No doubt motivated by PROFIT, and totally on spec (without even any assurance they will be allowed to employ their vessel) entrepreneurial people (foreign devils, in this case) have spent fairly huge sums to invent, innovate, move, and out-fit a large tanker (re-cycling in the process on a massive scale) to come to the aid of our Gulf Coast. The vessel would be the largest of its kind in the Gulf, and capable of skimming 500 thousand bbls of oiled water a day. BUT...
Environmental Protection Agency approval is required because some of the seawater returned to the Gulf would have traces of oil.
The Coast Guard, which has received more than 2,000 cleanup proposals, said the supertanker skimmer had survived a preliminary review and was being studied further.
Capt. Ron LaBrec said that initial review involves a number of government agencies, including the EPA.
One question, he said, is: "Will a large vessel like this be able to operate this in this kind of area?"
If the ship passes the additional review, its owners could then negotiate terms with BP. He could not provide an estimated timetable for the review would be completed.
The company said it also needs a waiver of the 1920 Jones Act, which limits the activities of foreign-flagged ships in coastal U.S. waters. The A Whale is Liberian-flagged vessel.So, we have people from all over the globe, investing their money in hopes of making more, ready, willing, and able to come to our aid with technology both old and new. And the primary impediment is our government, with its perverse incentives.
Second; centrifuges work! (Duh)
Centrifuges are used to separate things with different physical characteristics, mostly their specific gravity. They've been doing that for the longest, and it isn't exactly rocket science. Still, apparently the Costner centrifuge DOES present some novel features...which work!
Again, a story of people investing their money, their genius, and their life to bring the world something that works...and expecting to be paid for it. They succeed, and produce a boon to mankind. BUT...
One obstacle, he said, was that although his machines are effective, the water they discharge is still more contaminated than environmental regulations allow. He could not get spill-response companies interested in his machines, he said, without a federal stamp of approval.

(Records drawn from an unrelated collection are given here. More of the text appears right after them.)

lemma vu_corner_scalar:
  assumes g: "g \<in> carrier G"
  shows "\<exists>c. conv G (conv G v u) (conv G (delta g) (conv G v u)) = (\<lambda>x. c * conv G v u x)"
proof -
  obtain n h where n: "n \<in> N" and h: "h \<in> H" and g_eq: "g = n \<otimes> h"
    using g product unfolding set_mult_def by blast
  have nc: "n \<in> carrier G" using n N_carrier by auto
  have hc: "h \<in> carrier G" using H_subgroup h by (rule subgroup.mem_carrier)
  obtain l where l: "conv G v (delta n) = (\<lambda>x. l * v x)" using normal_delta_scalar[OF n] by blast
  obtain c where c: "conv G v (conv G (delta h) (conv G v u)) = (\<lambda>x. c * conv G v u x)"
    using complement_delta_scalar[OF h] by blast
  have "conv G (conv G v u) (conv G (delta g) (conv G v u))
      = conv G u (conv G (conv G v (delta n)) (conv G (delta h) (conv G v u)))"
    unfolding g_eq delta_mult[OF nc hc, symmetric] vu_commute by (simp add: conv_assoc)
  also have "\<dots> = (\<lambda>x. (l * c) * conv G u (conv G v u) x)"
    using l c by (simp add: conv_smult_left conv_smult_right conv_assoc mult.assoc)
  finally show ?thesis unfolding u_absorbs_vu by (rule exI)
qed

theorem vu_primitive: "primitive_idempotent G (conv G v u)"
  by (rule primitive_if_corner_scalar[OF conv_closed vu_idempotent]) (simp add: vu_corner_scalar)

end

theorem mainTheorem6:
  fixes G :: "('a, 'b) monoid_scheme" and N H :: "'a set"
    and PN U :: "('a \<Rightarrow> complex) set" and v0 va vi u :: "'a \<Rightarrow> complex"
  assumes "group G" and "finite (carrier G)"
    and "N \<lhd> G" and "subgroup H G"
    and "N <#>\<^bsub>G\<^esub> H = carrier G" and "N \<inter> H = {\<one>\<^bsub>G\<^esub>}"
    and "\<forall>x\<in>N. \<forall>y\<in>N. x \<otimes>\<^bsub>G\<^esub> y = y \<otimes>\<^bsub>G\<^esub> x"
    and "\<forall>x\<in>H. \<forall>y\<in>H. x \<otimes>\<^bsub>G\<^esub> y = y \<otimes>\<^bsub>G\<^esub> x"
    and "idem_eigenbasis G N PN"
    and "v0 \<in> PN"
    and "va \<in> orbit_alg G H v0"
    and "idem_eigenbasis G (stabilizer_alg G H va) U"
    and "vi \<in> orbit_alg G H v0"
    and "u \<in> U"
  shows "primitive_idempotent G (conv G vi u)"
proof -
  interpret finite_group_alg G
    using assms(1,2) by (simp add: finite_group_alg_def finite_group_alg_axioms_def)
  have Nc: "N \<subseteq> carrier G" by (rule subgroup.subset[OF normal_imp_subgroup[OF assms(3)]])
  have v0: "eigen_idempotent N v0" using idem_eigenbasis_eigen_idempotent assms(9,10) .
  then have v0G: "v0 \<in> grp_alg G (carrier G)"
    using grp_alg_mono[OF Nc] unfolding eigen_idempotent_def by blast
  obtain k where k: "k \<in> H" and vi_eq: "vi = alg_conj G k v0"
    using assms(13) unfolding orbit_alg_def by blast
  have "k \<in> carrier G" using assms(4) k by (rule subgroup.mem_carrier)
  then have vi: "eigen_idempotent N vi"
    unfolding vi_eq by (rule eigen_idempotent_conj[OF assms(3) v0])
  \<comment> \<open>va and vi lie in the same H-orbit, so (H being abelian) they have the same stabilizer\<close>
  have "stabilizer_alg G H va = stabilizer_alg G H vi"
    using stabilizer_orbit_invariant[OF assms(4,8) v0G] assms(11,13) by simp
  then have u: "eigen_idempotent (stabilizer_alg G H vi) u"
    using idem_eigenbasis_eigen_idempotent[OF assms(12,14)] by simp
  have "orbit_setting G N H vi u"
    using assms(1-5,7) vi u
    by (simp add: orbit_setting_def orbit_setting_axioms_def finite_group_alg_def finite_group_alg_axioms_def)
  then show ?thesis by (rule orbit_setting.vu_primitive)
qed

end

Research is hampered in other ways. For example, there is only one place in the United States — a center in New Jersey operated by the Minerals Management Service — where cleanup technologies can be tested, at full scale, on spilled oil. Other countries, notably Norway and Canada, allow occasional testing involving intentional spills into the environment, although only after an exhaustive permitting process.
In the United States, just obtaining oil for use in small-scale laboratory research can be extremely difficult, said Scott Pegau, research program director of the Oil Spill Recovery Institute, a research center established in Cordova, Alaska, after the Exxon Valdez spill. Mr. Pegau said it recently took him months to obtain less than a gallon of crude.Again, the technology does not...cannot...assure that ALL taint of ANY petroleum fraction will be removed...so NONE of it gets removed.
And, please observe, leadership from the Obami would look like this: "Unless you can make a case for allowing oil to hit our coastline, I will expect your agency to waive any red tape during this crisis". See how simple leadership would be...if Obama really wanted an effective response?